→ WORK INSTRUCTION:
Here are the records. Write out exactly the lines between the one holding "imports Defs" and the one holding "up to its own", inclusive.

Collected data entries
(* Let $\pi$ be an $(m,n)$-parking function with bird's eye permutation $\omega$. Then $\pi\circ\omega$ is the shifted parent map of a priority forest on $[n]_0$ with $m$ edges.
   Context: $[n]=\{1,\dots,n\}$, $[n]_0=\{0,\dots,n\}$. An $(m,n)$-parking function is a map $\pi:[m]\to[n]$ such that when cars $1,\dots,m$ arrive in this order to a street with spots $1,\dots,n$, and car $i$ parks at the first empty spot $\ge\pi(i)$, all $m$ cars park. Its bird's eye permutation $\omega:[n]\to[m]$ is the partial permutation sending each occupied spot to the car parked there (undefined at empty spots); $\pi\circ\omega$ is the partial function $[n]\to[n]$ defined on occupied spots. A priority forest on $[n]_0$ is a rooted forest with vertex set $[n]_0$ whose component trees $T_0,T_1,\dots$ are increasing (each non-root vertex has a larger label than its parent) and satisfy: for $j<k$ every label of $T_j$ is smaller than every label of $T_k$. Its shifted parent map is the partial function $s_P:[n]\to[n]$ given by $s_P(i)=p(i)+1$ for each non-root vertex $i$ with parent $p(i)$, and undefined at roots. *)

theory Defs
  imports Main
begin

text \<open>Spots are 1..n, cars are 1..m; a preference map is a function nat => nat
 (only its values on 1..m matter).\<close>

definition can_park :: "nat \<Rightarrow> nat set \<Rightarrow> nat \<Rightarrow> bool" where
  "can_park n S a \<longleftrightarrow> (\<exists>s. a \<le> s \<and> s \<le> n \<and> s \<notin> S)"

definition park_spot :: "nat \<Rightarrow> nat set \<Rightarrow> nat \<Rightarrow> nat" where
  "park_spot n S a = (LEAST s. a \<le> s \<and> s \<le> n \<and> s \<notin> S)"

fun occupied :: "nat \<Rightarrow> (nat \<Rightarrow> nat) \<Rightarrow> nat \<Rightarrow> nat set" where
  "occupied n p 0 = {}"
| "occupied n p (Suc k) =
     (if can_park n (occupied n p k) (p (Suc k))
      then insert (park_spot n (occupied n p k) (p (Suc k))) (occupied n p k)
      else occupied n p k)"

definition car_spot :: "nat \<Rightarrow> (nat \<Rightarrow> nat) \<Rightarrow> nat \<Rightarrow> nat" where
  "car_spot n p i = park_spot n (occupied n p (i - 1)) (p i)"

definition parking_function :: "nat \<Rightarrow> nat \<Rightarrow> (nat \<Rightarrow> nat) \<Rightarrow> bool" where
  "parking_function m n p \<longleftrightarrow>
     (\<forall>i\<in>{1..m}. p i \<in> {1..n}) \<and>
     (\<forall>i\<in>{1..m}. can_park n (occupied n p (i - 1)) (p i))"

text \<open>Bird's eye permutation as a partial map [n] -> [m].\<close>
definition birds_eye :: "nat \<Rightarrow> nat \<Rightarrow> (nat \<Rightarrow> nat) \<Rightarrow> nat \<Rightarrow> nat option" where
  "birds_eye m n p s =
     (if s \<in> {1..n} \<and> (\<exists>i\<in>{1..m}. car_spot n p i = s)
      then Some (THE i. i \<in> {1..m} \<and> car_spot n p i = s) else None)"

text \<open>A rooted forest on {0..n} is given by its parent map par (None at roots
 and outside {0..n}).\<close>

definition parent_rel :: "(nat \<Rightarrow> nat option) \<Rightarrow> (nat \<times> nat) set" where
  "parent_rel par = {(i, q). par i = Some q}"

definition tree_of :: "nat \<Rightarrow> (nat \<Rightarrow> nat option) \<Rightarrow> nat \<Rightarrow> nat set" where
  "tree_of n par x = {y \<in> {0..n}. \<exists>r. (x, r) \<in> (parent_rel par)\<^sup>* \<and> (y, r) \<in> (parent_rel par)\<^sup>*}"

definition priority_forest :: "nat \<Rightarrow> (nat \<Rightarrow> nat option) \<Rightarrow> bool" where
  "priority_forest n par \<longleftrightarrow>
     (\<forall>i. par i \<noteq> None \<longrightarrow> i \<le> n) \<and>
     (\<forall>i q. par i = Some q \<longrightarrow> q < i) \<and>
     (\<forall>x\<in>{0..n}. \<forall>y\<in>{0..n}. tree_of n par x \<noteq> tree_of n par y \<longrightarrow>
        (\<forall>u\<in>tree_of n par x. \<forall>v\<in>tree_of n par y. u < v) \<or>
        (\<forall>u\<in>tree_of n par x. \<forall>v\<in>tree_of n par y. v < u))"

definition num_edges :: "(nat \<Rightarrow> nat option) \<Rightarrow> nat" where
  "num_edges par = card {i. par i \<noteq> None}"

definition shifted_parent :: "nat \<Rightarrow> (nat \<Rightarrow> nat option) \<Rightarrow> nat \<Rightarrow> nat option" where
  "shifted_parent n par i = (if i \<in> {1..n} then map_option Suc (par i) else None)"

end

theory Submission
  imports Defs
begin

text \<open>Car \<open>i\<close> parks at the first free spot at or after \<open>\<pi>(i)\<close>, so every spot from \<open>\<pi>(i)\<close>
  up to its own spot is occupied.  Hence the parent \<open>\<pi>(i) - 1\<close> of the spot of car \<open>i\<close> lies
  below it and the edge only jumps over occupied spots.  In such a forest the tree of a
  vertex \<open>y\<close> is determined by the largest empty spot \<open>\<le> y\<close> (spot 0 counting as empty):
  the trees are the intervals starting at consecutive empty spots, so they are increasing
  and linearly ordered.  There is one edge per car.\<close>

lemma car_spot_bounds:
  assumes "parking_function m n p" and "i \<in> {1..m}"
  shows "p i \<le> car_spot n p i" and "car_spot n p i \<le> n"
    and "car_spot n p i \<notin> occupied n p (i - 1)"
proof -
  have "\<exists>s. p i \<le> s \<and> s \<le> n \<and> s \<notin> occupied n p (i - 1)"
    using assms unfolding parking_function_def can_park_def by blast
  from LeastI_ex[OF this]
  show "p i \<le> car_spot n p i" "car_spot n p i \<le> n" "car_spot n p i \<notin> occupied n p (i - 1)"
    unfolding car_spot_def park_spot_def by blast+
qed

lemma occupied_before_car_spot:
  assumes "parking_function m n p" and "i \<in> {1..m}" and "p i \<le> t" and "t < car_spot n p i"
  shows "t \<in> occupied n p (i - 1)"
proof -
  have "t \<le> n" using car_spot_bounds[OF assms(1,2)] assms(4) by simp
  with assms(3,4) show ?thesis
    unfolding car_spot_def park_spot_def using not_less_Least by blast
qed

lemma occupied_eq_car_spot_image:
  assumes "parking_function m n p" and "k \<le> m"
  shows "occupied n p k = car_spot n p ` {1..k}"
  using assms(2)
proof (induction k)
  case 0
  then show ?case by simp
next
  case (Suc k)
  have "can_park n (occupied n p k) (p (Suc k))"
    using assms(1) Suc.prems unfolding parking_function_def by force
  then have "occupied n p (Suc k) = insert (car_spot n p (Suc k)) (occupied n p k)"
    by (simp add: car_spot_def)
  then show ?case using Suc by (auto simp: atLeastAtMostSuc_conv)
qed

lemma inj_on_car_spot:
  assumes "parking_function m n p"
  shows "inj_on (car_spot n p) {1..m}"
proof -
  have "car_spot n p i \<noteq> car_spot n p j" if "i < j" "i \<in> {1..m}" "j \<in> {1..m}" for i j
  proof -
    have "car_spot n p i \<in> occupied n p (j - 1)"
      using occupied_eq_car_spot_image[OF assms, of "j - 1"] that by auto
    then show ?thesis using car_spot_bounds(3)[OF assms that(3)] by auto
  qed
  then show ?thesis unfolding inj_on_def by (metis linorder_neqE_nat)
qed

lemma birds_eye_car_spot:
  assumes "parking_function m n p" and "i \<in> {1..m}"
  shows "birds_eye m n p (car_spot n p i) = Some i"
proof -
  have "car_spot n p i \<in> {1..n}"
    using car_spot_bounds[OF assms] assms unfolding parking_function_def by force
  moreover have "(THE j. j \<in> {1..m} \<and> car_spot n p j = car_spot n p i) = i"
    using assms(2) inj_on_car_spot[OF assms(1)] unfolding inj_on_def by blast
  ultimately show ?thesis using assms(2) unfolding birds_eye_def by auto
qed

lemma birds_eye_eq_None:
  "s \<notin> car_spot n p ` {1..m} \<Longrightarrow> birds_eye m n p s = None"
  unfolding birds_eye_def by auto

locale block_forest =
  fixes n :: nat and A :: "nat set" and par :: "nat \<Rightarrow> nat option"
  assumes nonroots_subset: "A \<subseteq> {1..n}"
    and par_defined_iff: "par i \<noteq> None \<longleftrightarrow> i \<in> A"
    and par_less: "par i = Some q \<Longrightarrow> q < i"
    and par_jumps_nonroots: "par i = Some q \<Longrightarrow> {q<..i} \<subseteq> A"
begin

definition root :: "nat \<Rightarrow> nat" where
  "root y = Max {z. z \<le> y \<and> z \<notin> A}"

lemma root_mem: "root y \<in> {z. z \<le> y \<and> z \<notin> A}"
proof -
  have "0 \<in> {z. z \<le> y \<and> z \<notin> A}" using nonroots_subset by auto
  then show ?thesis unfolding root_def by (intro Max_in) auto
qed

lemma root_eq_self: "y \<notin> A \<Longrightarrow> root y = y"
  unfolding root_def by (intro Max_eqI) auto

lemma root_mono:
  assumes "u \<le> v"
  shows "root u \<le> root v"
proof -
  have "{z. z \<le> u \<and> z \<notin> A} \<subseteq> {z. z \<le> v \<and> z \<notin> A}" using assms by auto
  moreover have "{z. z \<le> u \<and> z \<notin> A} \<noteq> {}" using root_mem[of u] by blast
  ultimately show ?thesis unfolding root_def by (intro Max_mono) auto
qed

lemma root_par:
  assumes "par s = Some q"
  shows "root q = root s"
proof -
  have "q < s" "{q<..s} \<subseteq> A"
    using par_less[OF assms] par_jumps_nonroots[OF assms] by auto
  then have "{z. z \<le> q \<and> z \<notin> A} = {z. z \<le> s \<and> z \<notin> A}"
    by (auto simp: subset_eq)
  then show ?thesis unfolding root_def by simp
qed

lemma rtrancl_to_root: "(y, root y) \<in> (parent_rel par)\<^sup>*"
proof (induction y rule: less_induct)
  case (less y)
  show ?case
  proof (cases "y \<in> A")
    case False
    then show ?thesis using root_eq_self by simp
  next
    case True
    then obtain q where q: "par y = Some q" using par_defined_iff by auto
    then have "(y, q) \<in> parent_rel par" unfolding parent_rel_def by simp
    moreover have "(q, root q) \<in> (parent_rel par)\<^sup>*" using less par_less[OF q] by blast
    ultimately show ?thesis using root_par[OF q] by simp
  qed
qed

lemma root_rtrancl_eq: "(y, z) \<in> (parent_rel par)\<^sup>* \<Longrightarrow> root z = root y"
proof (induction rule: rtrancl_induct)
  case base
  then show ?case by simp
next
  case (step z z')
  then show ?case using root_par unfolding parent_rel_def by fastforce
qed

lemma tree_of_eq: "tree_of n par x = {y \<in> {0..n}. root y = root x}"
  unfolding tree_of_def
proof (intro Collect_cong conj_cong refl iffI)
  fix y assume "\<exists>r. (x, r) \<in> (parent_rel par)\<^sup>* \<and> (y, r) \<in> (parent_rel par)\<^sup>*"
  then show "root y = root x" using root_rtrancl_eq by metis
next
  fix y assume "root y = root x"
  then show "\<exists>r. (x, r) \<in> (parent_rel par)\<^sup>* \<and> (y, r) \<in> (parent_rel par)\<^sup>*"
    using rtrancl_to_root by metis
qed

lemma priority_forest: "priority_forest n par"
  unfolding priority_forest_def
proof (intro conjI allI impI ballI)
  fix i assume "par i \<noteq> None"
  then show "i \<le> n" using par_defined_iff nonroots_subset by auto
next
  fix i q assume "par i = Some q"
  then show "q < i" by (rule par_less)
next
  fix x y assume "tree_of n par x \<noteq> tree_of n par y"
  then have "root x < root y \<or> root y < root x" unfolding tree_of_eq by auto
  moreover have "u < v" if "root u < root v" for u v
    using root_mono[of v u] that by linarith
  ultimately show "(\<forall>u\<in>tree_of n par x. \<forall>v\<in>tree_of n par y. u < v) \<or>
      (\<forall>u\<in>tree_of n par x. \<forall>v\<in>tree_of n par y. v < u)"
    unfolding tree_of_eq by auto
qed

end

definition parking_parent :: "nat \<Rightarrow> nat \<Rightarrow> (nat \<Rightarrow> nat) \<Rightarrow> nat \<Rightarrow> nat option" where
  "parking_parent m n p s = map_option (\<lambda>i. p i - 1) (birds_eye m n p s)"

lemma parking_parent_car_spot:
  assumes "parking_function m n p" and "i \<in> {1..m}"
  shows "parking_parent m n p (car_spot n p i) = Some (p i - 1)"
  using birds_eye_car_spot[OF assms] by (simp add: parking_parent_def)

lemma block_forest_parking_parent:
  assumes pf: "parking_function m n p"
  shows "block_forest n (car_spot n p ` {1..m}) (parking_parent m n p)"
proof
  show "car_spot n p ` {1..m} \<subseteq> {1..n}"
    using car_spot_bounds[OF pf] pf unfolding parking_function_def by force
next
  fix s
  show "parking_parent m n p s \<noteq> None \<longleftrightarrow> s \<in> car_spot n p ` {1..m}"
  proof
    assume "parking_parent m n p s \<noteq> None"
    then show "s \<in> car_spot n p ` {1..m}"
      using birds_eye_eq_None[of s n p m] unfolding parking_parent_def by (metis option.map_disc_iff)
  next
    assume "s \<in> car_spot n p ` {1..m}"
    then show "parking_parent m n p s \<noteq> None" using parking_parent_car_spot[OF pf] by auto
  qed
next
  fix s q assume par: "parking_parent m n p s = Some q"
  then obtain i where i: "i \<in> {1..m}" "s = car_spot n p i"
    using birds_eye_eq_None by (fastforce simp: parking_parent_def)
  have q: "q = p i - 1" using par parking_parent_car_spot[OF pf i(1)] i(2) by simp
  have pref: "1 \<le> p i" "p i \<le> s"
    using pf i car_spot_bounds(1)[OF pf i(1)] unfolding parking_function_def by auto
  then show "q < s" using q by simp
  have "t \<in> car_spot n p ` {1..m}" if "p i \<le> t" "t \<le> s" for t
  proof (cases "t = s")
    case False
    then have "t \<in> occupied n p (i - 1)"
      using occupied_before_car_spot[OF pf i(1)] that i(2) by simp
    then show ?thesis using occupied_eq_car_spot_image[OF pf, of "i - 1"] i(1) by auto
  qed (use i in auto)
  then show "{q<..s} \<subseteq> car_spot n p ` {1..m}" using q pref by auto
qed

theorem lemma4p1:
  fixes m n :: nat and p :: "nat \<Rightarrow> nat" and \<omega> :: "nat \<Rightarrow> nat option"
  assumes "parking_function m n p"
    and "\<omega> = birds_eye m n p"
  shows "\<exists>par. priority_forest n par \<and> num_edges par = m \<and>
           shifted_parent n par = (\<lambda>s. map_option p (\<omega> s))"
proof (intro exI conjI)
  let ?A = "car_spot n p ` {1..m}"
  interpret block_forest n ?A "parking_parent m n p"
    using block_forest_parking_parent[OF assms(1)] .
  show "priority_forest n (parking_parent m n p)"
    by (rule priority_forest)
  have "{i. parking_parent m n p i \<noteq> None} = ?A"
    using par_defined_iff by auto
  then show "num_edges (parking_parent m n p) = m"
    using card_image[OF inj_on_car_spot[OF assms(1)]] by (simp add: num_edges_def)
  have "shifted_parent n (parking_parent m n p) s = map_option p (\<omega> s)" for s
  proof (cases "s \<in> ?A")
    case True
    then obtain i where i: "i \<in> {1..m}" "s = car_spot n p i" by auto
    have "1 \<le> p i" using assms(1) i(1) unfolding parking_function_def by auto
    moreover have "s \<in> {1..n}" using True nonroots_subset by blast
    ultimately show ?thesis
      using i parking_parent_car_spot[OF assms(1)] birds_eye_car_spot[OF assms(1)]
      by (simp add: shifted_parent_def assms(2))
  next
    case False
    then have "parking_parent m n p s = None" using par_defined_iff by blast
    then show ?thesis using False birds_eye_eq_None by (simp add: shifted_parent_def assms(2))
  qed
  then show "shifted_parent n (parking_parent m n p) = (\<lambda>s. map_option p (\<omega> s))" ..
qed

end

→ TASK RESPONSE:
  imports Defs
begin

text \<open>Car \<open>i\<close> parks at the first free spot at or after \<open>\<pi>(i)\<close>, so every spot from \<open>\<pi>(i)\<close>
  up to its own spot is occupied.  Hence the parent \<open>\<pi>(i) - 1\<close> of the spot of car \<open>i\<close> lies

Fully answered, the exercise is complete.